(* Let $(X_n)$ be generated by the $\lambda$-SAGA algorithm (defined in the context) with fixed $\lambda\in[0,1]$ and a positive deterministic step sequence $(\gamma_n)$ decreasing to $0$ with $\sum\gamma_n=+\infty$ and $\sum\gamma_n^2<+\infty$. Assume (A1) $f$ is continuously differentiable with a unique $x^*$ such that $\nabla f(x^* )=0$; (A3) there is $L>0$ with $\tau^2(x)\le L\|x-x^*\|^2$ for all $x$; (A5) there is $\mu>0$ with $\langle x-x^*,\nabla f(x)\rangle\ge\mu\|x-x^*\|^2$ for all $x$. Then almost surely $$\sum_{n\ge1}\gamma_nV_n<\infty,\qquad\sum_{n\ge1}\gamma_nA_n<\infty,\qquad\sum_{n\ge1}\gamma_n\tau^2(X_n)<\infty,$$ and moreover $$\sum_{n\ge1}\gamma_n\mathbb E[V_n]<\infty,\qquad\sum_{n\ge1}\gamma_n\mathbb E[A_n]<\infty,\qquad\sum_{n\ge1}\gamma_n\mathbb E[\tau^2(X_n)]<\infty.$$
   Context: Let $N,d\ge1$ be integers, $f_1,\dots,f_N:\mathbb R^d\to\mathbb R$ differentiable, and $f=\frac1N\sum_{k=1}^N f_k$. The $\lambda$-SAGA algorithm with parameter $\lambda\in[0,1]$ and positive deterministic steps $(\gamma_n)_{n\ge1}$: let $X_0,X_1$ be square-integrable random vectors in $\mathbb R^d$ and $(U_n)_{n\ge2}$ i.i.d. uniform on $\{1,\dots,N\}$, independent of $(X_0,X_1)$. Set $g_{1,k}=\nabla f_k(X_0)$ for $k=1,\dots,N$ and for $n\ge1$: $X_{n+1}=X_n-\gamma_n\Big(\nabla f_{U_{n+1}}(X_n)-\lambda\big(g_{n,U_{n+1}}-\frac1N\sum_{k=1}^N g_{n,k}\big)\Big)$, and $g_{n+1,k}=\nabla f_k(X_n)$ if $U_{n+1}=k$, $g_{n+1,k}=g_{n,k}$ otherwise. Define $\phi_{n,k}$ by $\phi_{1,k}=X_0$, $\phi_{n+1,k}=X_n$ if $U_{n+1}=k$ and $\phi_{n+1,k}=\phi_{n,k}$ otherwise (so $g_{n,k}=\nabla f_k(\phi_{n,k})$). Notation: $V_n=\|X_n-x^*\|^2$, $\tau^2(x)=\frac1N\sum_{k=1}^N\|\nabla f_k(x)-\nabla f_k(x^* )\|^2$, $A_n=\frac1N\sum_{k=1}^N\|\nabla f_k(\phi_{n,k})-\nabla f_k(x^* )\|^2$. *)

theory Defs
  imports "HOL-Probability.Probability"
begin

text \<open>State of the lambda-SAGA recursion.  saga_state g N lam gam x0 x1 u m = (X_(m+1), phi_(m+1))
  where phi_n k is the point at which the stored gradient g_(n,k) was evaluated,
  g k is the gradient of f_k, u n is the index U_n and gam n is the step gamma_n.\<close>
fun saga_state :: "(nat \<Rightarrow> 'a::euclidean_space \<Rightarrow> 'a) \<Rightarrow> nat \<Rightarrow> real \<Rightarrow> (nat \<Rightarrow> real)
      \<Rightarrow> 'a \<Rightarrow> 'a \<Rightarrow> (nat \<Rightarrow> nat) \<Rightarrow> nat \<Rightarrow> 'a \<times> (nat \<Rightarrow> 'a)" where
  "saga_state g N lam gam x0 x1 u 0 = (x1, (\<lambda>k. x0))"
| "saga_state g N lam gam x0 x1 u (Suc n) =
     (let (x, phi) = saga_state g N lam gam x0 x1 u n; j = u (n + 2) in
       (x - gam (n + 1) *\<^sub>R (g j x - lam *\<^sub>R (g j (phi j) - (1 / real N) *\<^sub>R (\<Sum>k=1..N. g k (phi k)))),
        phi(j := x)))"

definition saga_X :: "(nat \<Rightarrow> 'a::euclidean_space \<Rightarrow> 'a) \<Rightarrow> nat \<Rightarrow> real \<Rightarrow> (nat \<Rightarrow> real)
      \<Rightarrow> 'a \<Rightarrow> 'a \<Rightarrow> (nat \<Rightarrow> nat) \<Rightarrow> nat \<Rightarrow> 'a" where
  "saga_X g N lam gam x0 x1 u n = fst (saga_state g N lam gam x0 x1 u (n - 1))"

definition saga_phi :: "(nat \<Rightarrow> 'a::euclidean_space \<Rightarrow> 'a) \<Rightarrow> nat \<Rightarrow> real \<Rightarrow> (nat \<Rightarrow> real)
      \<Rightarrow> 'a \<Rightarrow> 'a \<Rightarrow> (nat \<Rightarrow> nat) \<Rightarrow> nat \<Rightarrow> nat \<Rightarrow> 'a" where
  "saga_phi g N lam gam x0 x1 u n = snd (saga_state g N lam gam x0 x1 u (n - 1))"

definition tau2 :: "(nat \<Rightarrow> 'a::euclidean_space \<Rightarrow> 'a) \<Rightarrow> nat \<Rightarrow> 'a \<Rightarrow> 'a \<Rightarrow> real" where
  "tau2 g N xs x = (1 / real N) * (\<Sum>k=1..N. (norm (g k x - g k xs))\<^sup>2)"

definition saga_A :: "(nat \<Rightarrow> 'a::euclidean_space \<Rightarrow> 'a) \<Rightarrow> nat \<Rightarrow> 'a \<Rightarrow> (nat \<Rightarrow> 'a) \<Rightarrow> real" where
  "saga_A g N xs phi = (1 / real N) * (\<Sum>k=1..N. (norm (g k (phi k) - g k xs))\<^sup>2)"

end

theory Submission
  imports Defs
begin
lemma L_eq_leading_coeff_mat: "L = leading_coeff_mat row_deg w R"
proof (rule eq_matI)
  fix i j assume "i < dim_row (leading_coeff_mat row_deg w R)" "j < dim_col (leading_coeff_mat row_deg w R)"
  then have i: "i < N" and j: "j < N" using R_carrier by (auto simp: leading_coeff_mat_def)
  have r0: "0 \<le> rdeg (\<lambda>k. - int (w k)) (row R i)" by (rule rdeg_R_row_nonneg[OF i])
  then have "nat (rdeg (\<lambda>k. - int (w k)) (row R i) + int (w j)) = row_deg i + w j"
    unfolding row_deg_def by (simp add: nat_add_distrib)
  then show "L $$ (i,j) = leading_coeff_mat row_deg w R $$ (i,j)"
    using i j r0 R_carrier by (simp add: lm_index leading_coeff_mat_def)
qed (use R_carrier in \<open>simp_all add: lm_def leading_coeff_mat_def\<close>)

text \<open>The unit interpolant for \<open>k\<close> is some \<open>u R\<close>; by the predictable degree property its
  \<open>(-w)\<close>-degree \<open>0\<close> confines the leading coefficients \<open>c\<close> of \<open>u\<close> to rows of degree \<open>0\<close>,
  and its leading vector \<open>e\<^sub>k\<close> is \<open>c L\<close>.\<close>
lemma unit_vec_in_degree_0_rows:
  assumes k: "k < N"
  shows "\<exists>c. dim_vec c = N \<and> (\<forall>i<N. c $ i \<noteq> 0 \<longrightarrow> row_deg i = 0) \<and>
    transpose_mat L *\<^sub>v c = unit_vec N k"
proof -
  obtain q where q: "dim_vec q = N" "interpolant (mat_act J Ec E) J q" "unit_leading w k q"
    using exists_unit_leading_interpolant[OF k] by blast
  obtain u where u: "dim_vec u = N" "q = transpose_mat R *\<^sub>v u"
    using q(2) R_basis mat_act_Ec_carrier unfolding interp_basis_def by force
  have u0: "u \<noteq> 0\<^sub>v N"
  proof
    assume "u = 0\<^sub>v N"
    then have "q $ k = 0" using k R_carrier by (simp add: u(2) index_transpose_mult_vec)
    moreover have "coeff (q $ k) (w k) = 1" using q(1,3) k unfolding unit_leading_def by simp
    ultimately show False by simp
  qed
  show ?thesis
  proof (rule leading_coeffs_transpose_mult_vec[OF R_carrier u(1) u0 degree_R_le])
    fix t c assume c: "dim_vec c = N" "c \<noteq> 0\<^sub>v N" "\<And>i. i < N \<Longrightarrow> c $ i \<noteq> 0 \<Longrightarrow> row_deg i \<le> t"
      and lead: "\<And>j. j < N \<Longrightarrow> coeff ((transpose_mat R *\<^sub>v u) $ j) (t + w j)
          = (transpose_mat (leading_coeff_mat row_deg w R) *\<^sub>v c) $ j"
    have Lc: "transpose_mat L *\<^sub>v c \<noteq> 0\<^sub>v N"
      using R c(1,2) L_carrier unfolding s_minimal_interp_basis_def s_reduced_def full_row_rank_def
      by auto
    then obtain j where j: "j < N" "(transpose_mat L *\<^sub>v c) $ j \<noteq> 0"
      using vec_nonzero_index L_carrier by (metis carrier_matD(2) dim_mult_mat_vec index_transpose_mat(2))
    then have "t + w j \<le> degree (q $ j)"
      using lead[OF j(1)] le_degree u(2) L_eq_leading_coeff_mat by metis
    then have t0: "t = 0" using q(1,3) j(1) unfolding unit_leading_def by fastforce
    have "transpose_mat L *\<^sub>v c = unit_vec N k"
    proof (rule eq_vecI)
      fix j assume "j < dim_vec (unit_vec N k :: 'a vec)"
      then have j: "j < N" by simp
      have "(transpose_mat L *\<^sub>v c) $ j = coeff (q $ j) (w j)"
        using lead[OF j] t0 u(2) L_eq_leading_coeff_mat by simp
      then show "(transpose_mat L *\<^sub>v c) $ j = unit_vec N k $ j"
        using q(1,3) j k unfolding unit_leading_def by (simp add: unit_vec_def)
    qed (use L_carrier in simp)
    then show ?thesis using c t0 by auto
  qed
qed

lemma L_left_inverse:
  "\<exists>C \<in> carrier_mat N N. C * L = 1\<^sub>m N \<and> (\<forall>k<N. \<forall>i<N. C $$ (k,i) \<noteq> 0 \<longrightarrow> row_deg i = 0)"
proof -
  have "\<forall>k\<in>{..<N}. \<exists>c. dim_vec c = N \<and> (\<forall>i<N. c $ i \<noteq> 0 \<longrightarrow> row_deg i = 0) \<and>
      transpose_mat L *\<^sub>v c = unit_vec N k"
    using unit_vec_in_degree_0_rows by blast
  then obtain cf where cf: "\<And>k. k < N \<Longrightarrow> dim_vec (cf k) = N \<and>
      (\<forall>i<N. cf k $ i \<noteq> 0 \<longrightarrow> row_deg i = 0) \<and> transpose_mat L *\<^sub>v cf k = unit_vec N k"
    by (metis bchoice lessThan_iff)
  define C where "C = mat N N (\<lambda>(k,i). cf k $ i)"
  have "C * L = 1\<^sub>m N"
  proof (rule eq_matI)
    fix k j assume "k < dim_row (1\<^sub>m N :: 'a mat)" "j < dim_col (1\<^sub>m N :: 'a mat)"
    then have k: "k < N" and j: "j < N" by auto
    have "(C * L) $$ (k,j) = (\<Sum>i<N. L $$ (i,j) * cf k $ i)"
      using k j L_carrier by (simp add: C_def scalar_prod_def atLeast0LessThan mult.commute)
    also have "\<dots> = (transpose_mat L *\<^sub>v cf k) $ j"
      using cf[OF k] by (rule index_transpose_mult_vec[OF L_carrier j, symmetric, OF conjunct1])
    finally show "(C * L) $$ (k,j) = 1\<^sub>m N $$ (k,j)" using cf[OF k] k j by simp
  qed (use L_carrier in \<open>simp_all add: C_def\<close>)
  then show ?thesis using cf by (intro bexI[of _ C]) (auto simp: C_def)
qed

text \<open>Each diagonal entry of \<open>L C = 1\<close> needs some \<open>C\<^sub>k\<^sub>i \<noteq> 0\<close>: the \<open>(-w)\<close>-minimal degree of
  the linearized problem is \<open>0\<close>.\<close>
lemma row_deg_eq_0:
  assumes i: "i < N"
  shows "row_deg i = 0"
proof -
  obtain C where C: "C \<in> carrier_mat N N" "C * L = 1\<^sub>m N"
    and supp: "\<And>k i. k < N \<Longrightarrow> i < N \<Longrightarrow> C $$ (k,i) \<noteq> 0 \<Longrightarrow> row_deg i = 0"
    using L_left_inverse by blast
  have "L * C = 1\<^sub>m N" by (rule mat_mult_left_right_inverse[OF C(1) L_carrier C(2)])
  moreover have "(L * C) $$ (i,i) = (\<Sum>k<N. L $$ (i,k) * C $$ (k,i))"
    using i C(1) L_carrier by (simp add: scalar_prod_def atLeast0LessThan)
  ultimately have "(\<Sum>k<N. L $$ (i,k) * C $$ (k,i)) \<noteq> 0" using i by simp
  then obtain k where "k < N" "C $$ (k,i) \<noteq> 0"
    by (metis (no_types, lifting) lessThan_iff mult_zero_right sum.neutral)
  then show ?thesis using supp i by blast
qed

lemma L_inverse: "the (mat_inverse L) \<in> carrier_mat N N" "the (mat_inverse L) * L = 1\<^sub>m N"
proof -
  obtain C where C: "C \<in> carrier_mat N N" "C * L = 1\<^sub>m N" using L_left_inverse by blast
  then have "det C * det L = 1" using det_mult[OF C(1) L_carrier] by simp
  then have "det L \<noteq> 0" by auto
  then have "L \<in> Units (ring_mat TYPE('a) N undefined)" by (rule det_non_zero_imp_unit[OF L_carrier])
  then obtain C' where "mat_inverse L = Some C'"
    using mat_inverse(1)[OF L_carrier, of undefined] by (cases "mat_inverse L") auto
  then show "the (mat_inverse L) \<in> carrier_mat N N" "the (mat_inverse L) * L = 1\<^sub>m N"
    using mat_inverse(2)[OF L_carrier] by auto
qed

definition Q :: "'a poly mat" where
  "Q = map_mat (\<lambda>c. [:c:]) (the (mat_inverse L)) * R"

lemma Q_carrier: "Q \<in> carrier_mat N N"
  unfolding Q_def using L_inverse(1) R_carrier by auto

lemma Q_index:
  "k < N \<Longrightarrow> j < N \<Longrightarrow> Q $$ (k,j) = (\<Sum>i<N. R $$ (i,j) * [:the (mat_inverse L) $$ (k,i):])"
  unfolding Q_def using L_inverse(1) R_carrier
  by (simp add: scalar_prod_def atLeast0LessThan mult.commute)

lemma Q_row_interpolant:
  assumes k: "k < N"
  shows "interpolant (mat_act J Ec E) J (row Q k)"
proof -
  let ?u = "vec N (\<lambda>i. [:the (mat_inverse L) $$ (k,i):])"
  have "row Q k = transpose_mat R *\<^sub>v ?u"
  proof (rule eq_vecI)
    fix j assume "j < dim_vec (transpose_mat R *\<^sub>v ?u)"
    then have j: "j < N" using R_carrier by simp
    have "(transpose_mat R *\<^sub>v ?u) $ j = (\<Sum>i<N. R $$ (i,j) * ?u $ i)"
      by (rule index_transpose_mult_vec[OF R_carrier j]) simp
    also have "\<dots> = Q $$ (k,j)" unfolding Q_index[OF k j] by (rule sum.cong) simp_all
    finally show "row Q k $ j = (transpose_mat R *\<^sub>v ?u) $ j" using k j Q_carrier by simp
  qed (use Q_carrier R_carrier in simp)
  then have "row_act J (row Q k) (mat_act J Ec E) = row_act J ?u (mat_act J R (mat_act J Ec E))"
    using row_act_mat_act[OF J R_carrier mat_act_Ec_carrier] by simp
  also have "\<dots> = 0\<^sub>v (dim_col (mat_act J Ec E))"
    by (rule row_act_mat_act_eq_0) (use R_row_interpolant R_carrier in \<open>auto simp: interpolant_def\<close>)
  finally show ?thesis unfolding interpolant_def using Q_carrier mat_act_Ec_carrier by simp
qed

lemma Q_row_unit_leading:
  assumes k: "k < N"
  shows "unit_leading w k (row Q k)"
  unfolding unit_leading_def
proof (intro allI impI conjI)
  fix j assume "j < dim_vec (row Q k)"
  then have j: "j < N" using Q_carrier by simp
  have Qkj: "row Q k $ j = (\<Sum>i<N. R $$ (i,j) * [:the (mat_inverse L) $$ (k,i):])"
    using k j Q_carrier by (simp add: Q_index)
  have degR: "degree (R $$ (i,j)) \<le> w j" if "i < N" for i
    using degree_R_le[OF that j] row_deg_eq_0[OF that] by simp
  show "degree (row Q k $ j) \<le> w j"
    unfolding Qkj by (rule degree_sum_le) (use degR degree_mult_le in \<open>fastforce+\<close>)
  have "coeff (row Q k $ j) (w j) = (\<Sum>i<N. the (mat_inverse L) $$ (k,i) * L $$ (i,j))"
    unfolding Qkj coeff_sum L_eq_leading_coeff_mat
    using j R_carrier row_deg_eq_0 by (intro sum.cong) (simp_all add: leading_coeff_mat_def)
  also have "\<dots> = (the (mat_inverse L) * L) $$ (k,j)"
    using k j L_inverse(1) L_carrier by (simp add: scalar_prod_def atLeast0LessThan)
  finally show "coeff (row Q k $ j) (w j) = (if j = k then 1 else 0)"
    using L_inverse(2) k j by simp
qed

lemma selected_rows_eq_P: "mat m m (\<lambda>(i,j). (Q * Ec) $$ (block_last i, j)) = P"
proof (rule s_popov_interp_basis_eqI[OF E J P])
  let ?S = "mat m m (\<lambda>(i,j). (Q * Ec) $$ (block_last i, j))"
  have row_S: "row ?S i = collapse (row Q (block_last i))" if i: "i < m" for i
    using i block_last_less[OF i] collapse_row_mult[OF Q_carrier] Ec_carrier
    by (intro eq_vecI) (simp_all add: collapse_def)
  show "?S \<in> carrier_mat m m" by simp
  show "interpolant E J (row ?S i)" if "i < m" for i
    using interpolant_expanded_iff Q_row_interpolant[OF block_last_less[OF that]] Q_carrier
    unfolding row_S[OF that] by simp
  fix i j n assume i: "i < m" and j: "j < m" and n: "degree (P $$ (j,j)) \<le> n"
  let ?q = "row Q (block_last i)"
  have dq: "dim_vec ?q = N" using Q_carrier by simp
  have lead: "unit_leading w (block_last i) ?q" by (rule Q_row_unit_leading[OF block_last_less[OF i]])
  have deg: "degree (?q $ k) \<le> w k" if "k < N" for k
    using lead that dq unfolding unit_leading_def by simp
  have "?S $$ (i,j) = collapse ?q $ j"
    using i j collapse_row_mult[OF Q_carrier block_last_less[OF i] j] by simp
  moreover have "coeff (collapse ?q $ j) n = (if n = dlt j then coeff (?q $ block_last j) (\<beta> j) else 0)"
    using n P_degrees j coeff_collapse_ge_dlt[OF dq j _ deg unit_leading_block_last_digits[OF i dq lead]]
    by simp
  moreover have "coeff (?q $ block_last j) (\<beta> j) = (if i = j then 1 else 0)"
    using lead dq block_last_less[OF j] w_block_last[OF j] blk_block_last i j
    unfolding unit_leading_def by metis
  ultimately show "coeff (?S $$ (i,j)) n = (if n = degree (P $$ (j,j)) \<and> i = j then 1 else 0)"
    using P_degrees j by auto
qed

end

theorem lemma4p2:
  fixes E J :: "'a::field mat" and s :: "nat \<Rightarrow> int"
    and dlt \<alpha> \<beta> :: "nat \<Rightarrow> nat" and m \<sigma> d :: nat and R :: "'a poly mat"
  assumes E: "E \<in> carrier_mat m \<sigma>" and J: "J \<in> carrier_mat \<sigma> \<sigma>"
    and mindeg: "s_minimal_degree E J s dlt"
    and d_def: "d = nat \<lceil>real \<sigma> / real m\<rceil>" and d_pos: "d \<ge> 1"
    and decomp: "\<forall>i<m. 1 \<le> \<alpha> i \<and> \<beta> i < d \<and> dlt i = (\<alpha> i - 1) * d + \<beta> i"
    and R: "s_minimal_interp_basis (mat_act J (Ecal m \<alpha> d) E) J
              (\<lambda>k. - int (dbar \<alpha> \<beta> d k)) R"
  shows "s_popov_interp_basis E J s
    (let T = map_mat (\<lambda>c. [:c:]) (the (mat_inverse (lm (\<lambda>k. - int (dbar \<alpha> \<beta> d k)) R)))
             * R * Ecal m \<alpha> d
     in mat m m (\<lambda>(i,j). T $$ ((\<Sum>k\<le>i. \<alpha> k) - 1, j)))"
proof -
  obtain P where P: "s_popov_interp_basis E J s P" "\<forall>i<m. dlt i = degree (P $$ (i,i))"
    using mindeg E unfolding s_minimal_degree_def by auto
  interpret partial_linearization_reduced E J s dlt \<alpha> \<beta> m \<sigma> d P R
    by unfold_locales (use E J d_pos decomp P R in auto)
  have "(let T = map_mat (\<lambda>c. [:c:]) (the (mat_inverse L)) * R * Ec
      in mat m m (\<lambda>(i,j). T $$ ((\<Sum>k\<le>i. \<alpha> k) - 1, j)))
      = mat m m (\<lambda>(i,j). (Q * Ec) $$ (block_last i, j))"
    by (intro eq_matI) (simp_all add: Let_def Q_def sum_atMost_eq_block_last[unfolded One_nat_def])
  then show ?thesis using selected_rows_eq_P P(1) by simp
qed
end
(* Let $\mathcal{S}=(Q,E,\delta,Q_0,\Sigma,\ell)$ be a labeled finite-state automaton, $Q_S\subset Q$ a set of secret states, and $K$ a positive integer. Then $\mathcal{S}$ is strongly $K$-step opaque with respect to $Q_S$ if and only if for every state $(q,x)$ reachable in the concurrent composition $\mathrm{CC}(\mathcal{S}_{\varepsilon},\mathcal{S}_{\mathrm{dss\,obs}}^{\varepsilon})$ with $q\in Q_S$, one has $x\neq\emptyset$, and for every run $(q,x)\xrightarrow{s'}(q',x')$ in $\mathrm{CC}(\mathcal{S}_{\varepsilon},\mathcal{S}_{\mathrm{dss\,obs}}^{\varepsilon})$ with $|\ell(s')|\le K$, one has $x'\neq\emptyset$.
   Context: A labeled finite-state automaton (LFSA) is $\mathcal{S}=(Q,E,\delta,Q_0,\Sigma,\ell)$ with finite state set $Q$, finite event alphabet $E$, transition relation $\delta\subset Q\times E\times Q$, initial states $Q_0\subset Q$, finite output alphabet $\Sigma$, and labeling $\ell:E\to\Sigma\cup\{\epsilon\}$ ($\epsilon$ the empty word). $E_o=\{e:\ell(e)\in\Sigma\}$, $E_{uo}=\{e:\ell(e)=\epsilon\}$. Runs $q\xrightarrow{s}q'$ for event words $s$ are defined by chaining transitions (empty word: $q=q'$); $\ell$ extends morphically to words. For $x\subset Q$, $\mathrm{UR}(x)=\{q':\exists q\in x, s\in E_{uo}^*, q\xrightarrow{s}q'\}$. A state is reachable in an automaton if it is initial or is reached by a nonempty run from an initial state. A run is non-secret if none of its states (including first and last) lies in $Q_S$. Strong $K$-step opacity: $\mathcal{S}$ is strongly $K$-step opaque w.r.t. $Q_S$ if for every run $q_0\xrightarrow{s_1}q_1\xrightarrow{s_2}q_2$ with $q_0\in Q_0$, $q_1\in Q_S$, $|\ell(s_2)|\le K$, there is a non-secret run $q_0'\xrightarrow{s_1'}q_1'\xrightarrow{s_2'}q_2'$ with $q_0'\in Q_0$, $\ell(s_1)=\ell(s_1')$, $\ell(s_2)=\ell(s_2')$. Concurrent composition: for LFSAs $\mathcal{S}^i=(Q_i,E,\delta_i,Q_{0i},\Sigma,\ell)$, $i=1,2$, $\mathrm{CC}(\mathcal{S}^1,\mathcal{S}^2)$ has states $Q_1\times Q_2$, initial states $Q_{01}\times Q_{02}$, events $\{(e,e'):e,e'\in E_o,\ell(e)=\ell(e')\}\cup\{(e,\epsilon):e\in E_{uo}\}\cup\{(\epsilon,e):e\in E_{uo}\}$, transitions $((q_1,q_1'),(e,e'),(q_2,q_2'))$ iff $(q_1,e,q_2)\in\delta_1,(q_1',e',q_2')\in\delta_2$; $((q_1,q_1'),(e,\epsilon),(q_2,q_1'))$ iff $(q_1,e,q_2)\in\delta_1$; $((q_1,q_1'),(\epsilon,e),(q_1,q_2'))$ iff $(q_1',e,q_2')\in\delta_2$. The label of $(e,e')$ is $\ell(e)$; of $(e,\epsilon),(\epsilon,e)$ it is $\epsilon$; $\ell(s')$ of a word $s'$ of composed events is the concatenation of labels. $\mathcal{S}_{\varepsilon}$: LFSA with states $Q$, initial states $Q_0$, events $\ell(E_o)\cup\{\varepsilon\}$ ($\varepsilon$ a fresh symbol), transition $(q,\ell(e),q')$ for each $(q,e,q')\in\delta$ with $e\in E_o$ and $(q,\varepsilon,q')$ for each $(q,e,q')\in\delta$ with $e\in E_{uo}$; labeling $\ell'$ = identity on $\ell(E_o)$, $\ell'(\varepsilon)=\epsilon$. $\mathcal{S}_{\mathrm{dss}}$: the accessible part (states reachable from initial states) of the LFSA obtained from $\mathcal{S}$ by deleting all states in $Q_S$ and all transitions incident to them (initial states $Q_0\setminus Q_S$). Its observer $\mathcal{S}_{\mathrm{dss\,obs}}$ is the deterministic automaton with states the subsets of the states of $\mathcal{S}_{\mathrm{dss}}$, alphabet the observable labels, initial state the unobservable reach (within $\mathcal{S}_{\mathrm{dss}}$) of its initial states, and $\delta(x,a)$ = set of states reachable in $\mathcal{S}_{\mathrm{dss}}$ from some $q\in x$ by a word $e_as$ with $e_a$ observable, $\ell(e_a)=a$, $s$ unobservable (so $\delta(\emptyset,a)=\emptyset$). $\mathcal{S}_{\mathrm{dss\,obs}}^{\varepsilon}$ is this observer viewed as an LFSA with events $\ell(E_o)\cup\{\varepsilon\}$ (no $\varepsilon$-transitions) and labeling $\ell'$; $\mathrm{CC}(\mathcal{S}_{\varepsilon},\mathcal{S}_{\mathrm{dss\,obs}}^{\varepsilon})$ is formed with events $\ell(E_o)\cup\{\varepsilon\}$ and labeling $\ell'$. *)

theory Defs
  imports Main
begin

■ **YOUR ASSIGNMENT**: Among the records above, extract exactly the lines from the line with "proof (intro allI impI conjI)" to the line with "Q k $ j) \<le>", both lines included, and leave out the rest.

■ **ANSWER FOR THIS EXERCISE**:
proof (intro allI impI conjI)
  fix j assume "j < dim_vec (row Q k)"
  then have j: "j < N" using Q_carrier by simp
  have Qkj: "row Q k $ j = (\<Sum>i<N. R $$ (i,j) * [:the (mat_inverse L) $$ (k,i):])"
    using k j Q_carrier by (simp add: Q_index)
  have degR: "degree (R $$ (i,j)) \<le> w j" if "i < N" for i
    using degree_R_le[OF that j] row_deg_eq_0[OF that] by simp
  show "degree (row Q k $ j) \<le> w j"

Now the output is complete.